# Problem description
Copy exactly the lines of the records below, and only those lines, beginning with the line that contains "y = emb (1/2)" and ending with the line that contains "l = RTT_rhs".

---- Information supplied

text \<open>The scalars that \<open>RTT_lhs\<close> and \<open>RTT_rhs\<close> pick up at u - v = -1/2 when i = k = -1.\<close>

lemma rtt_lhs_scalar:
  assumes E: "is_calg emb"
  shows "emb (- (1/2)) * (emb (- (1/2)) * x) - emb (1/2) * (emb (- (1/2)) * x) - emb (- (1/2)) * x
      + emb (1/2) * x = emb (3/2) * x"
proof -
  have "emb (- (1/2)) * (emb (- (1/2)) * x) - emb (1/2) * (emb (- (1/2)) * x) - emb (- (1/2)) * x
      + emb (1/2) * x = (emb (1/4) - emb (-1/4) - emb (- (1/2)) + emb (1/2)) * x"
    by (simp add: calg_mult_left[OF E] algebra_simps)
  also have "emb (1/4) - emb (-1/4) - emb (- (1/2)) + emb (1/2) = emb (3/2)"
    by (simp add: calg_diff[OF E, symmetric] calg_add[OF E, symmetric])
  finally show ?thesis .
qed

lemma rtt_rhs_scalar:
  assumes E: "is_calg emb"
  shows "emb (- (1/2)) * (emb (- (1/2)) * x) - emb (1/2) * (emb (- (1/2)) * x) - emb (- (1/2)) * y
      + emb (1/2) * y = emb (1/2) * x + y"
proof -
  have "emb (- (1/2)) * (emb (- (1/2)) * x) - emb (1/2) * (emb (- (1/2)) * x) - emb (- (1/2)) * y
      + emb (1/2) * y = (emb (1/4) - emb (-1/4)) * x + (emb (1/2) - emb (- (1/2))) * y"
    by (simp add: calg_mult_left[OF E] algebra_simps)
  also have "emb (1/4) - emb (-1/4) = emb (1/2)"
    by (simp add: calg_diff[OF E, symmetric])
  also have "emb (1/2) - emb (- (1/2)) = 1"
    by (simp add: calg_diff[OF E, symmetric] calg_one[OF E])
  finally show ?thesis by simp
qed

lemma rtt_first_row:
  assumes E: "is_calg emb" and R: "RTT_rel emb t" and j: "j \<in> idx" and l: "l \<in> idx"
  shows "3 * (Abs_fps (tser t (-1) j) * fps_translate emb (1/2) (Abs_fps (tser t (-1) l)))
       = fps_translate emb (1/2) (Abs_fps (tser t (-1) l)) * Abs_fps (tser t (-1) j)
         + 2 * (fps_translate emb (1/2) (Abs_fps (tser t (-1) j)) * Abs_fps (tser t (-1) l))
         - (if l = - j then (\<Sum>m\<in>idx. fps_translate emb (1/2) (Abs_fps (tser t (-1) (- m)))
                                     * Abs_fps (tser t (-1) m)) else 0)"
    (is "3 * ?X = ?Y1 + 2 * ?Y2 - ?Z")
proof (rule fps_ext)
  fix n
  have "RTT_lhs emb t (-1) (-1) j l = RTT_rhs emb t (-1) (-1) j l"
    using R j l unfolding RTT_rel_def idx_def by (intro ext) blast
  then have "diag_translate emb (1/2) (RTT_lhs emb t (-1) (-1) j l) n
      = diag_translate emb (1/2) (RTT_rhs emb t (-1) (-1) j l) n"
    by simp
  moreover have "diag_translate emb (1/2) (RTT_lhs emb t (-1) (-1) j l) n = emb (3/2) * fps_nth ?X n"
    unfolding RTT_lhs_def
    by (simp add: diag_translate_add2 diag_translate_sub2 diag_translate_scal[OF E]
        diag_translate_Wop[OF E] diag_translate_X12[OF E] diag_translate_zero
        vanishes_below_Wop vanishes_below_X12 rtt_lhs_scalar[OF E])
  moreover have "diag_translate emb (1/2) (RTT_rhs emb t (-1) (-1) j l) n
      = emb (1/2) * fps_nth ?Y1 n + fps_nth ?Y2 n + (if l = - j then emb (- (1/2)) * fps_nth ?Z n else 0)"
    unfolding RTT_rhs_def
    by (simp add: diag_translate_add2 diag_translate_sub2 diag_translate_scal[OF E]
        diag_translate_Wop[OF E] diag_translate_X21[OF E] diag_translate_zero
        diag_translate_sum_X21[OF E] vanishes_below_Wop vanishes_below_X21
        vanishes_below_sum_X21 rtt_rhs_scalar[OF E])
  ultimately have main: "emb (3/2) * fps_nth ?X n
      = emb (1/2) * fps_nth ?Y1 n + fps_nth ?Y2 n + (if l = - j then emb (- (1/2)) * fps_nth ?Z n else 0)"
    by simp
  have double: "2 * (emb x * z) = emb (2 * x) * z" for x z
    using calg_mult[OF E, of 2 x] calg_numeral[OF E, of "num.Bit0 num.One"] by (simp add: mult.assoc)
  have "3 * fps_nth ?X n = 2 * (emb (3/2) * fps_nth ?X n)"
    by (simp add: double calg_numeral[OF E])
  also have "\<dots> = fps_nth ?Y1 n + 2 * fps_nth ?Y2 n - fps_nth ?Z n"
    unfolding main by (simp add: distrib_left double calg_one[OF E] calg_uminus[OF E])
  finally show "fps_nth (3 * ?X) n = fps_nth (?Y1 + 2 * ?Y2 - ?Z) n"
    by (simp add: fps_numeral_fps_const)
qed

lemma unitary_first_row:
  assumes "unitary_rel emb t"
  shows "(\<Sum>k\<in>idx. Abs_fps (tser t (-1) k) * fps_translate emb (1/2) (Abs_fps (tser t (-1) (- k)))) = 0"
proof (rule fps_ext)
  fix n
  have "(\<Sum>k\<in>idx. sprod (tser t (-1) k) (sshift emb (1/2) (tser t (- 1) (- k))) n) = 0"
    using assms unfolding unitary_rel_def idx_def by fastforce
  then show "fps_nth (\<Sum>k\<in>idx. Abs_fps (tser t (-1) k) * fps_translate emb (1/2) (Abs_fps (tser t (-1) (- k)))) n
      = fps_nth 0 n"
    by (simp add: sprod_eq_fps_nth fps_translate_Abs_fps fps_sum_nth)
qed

--------

# Solution to the exercise
      + emb (1/2) * y = emb (1/2) * x + y"
proof -
  have "emb (- (1/2)) * (emb (- (1/2)) * x) - emb (1/2) * (emb (- (1/2)) * x) - emb (- (1/2)) * y
      + emb (1/2) * y = (emb (1/4) - emb (-1/4)) * x + (emb (1/2) - emb (- (1/2))) * y"
    by (simp add: calg_mult_left[OF E] algebra_simps)
  also have "emb (1/4) - emb (-1/4) = emb (1/2)"
    by (simp add: calg_diff[OF E, symmetric])
  also have "emb (1/2) - emb (- (1/2)) = 1"
    by (simp add: calg_diff[OF E, symmetric] calg_one[OF E])
  finally show ?thesis by simp
qed

lemma rtt_first_row:
  assumes E: "is_calg emb" and R: "RTT_rel emb t" and j: "j \<in> idx" and l: "l \<in> idx"
  shows "3 * (Abs_fps (tser t (-1) j) * fps_translate emb (1/2) (Abs_fps (tser t (-1) l)))
       = fps_translate emb (1/2) (Abs_fps (tser t (-1) l)) * Abs_fps (tser t (-1) j)
         + 2 * (fps_translate emb (1/2) (Abs_fps (tser t (-1) j)) * Abs_fps (tser t (-1) l))
         - (if l = - j then (\<Sum>m\<in>idx. fps_translate emb (1/2) (Abs_fps (tser t (-1) (- m)))
                                     * Abs_fps (tser t (-1) m)) else 0)"
    (is "3 * ?X = ?Y1 + 2 * ?Y2 - ?Z")
proof (rule fps_ext)
  fix n
  have "RTT_lhs emb t (-1) (-1) j l = RTT_rhs emb t (-1) (-1) j l"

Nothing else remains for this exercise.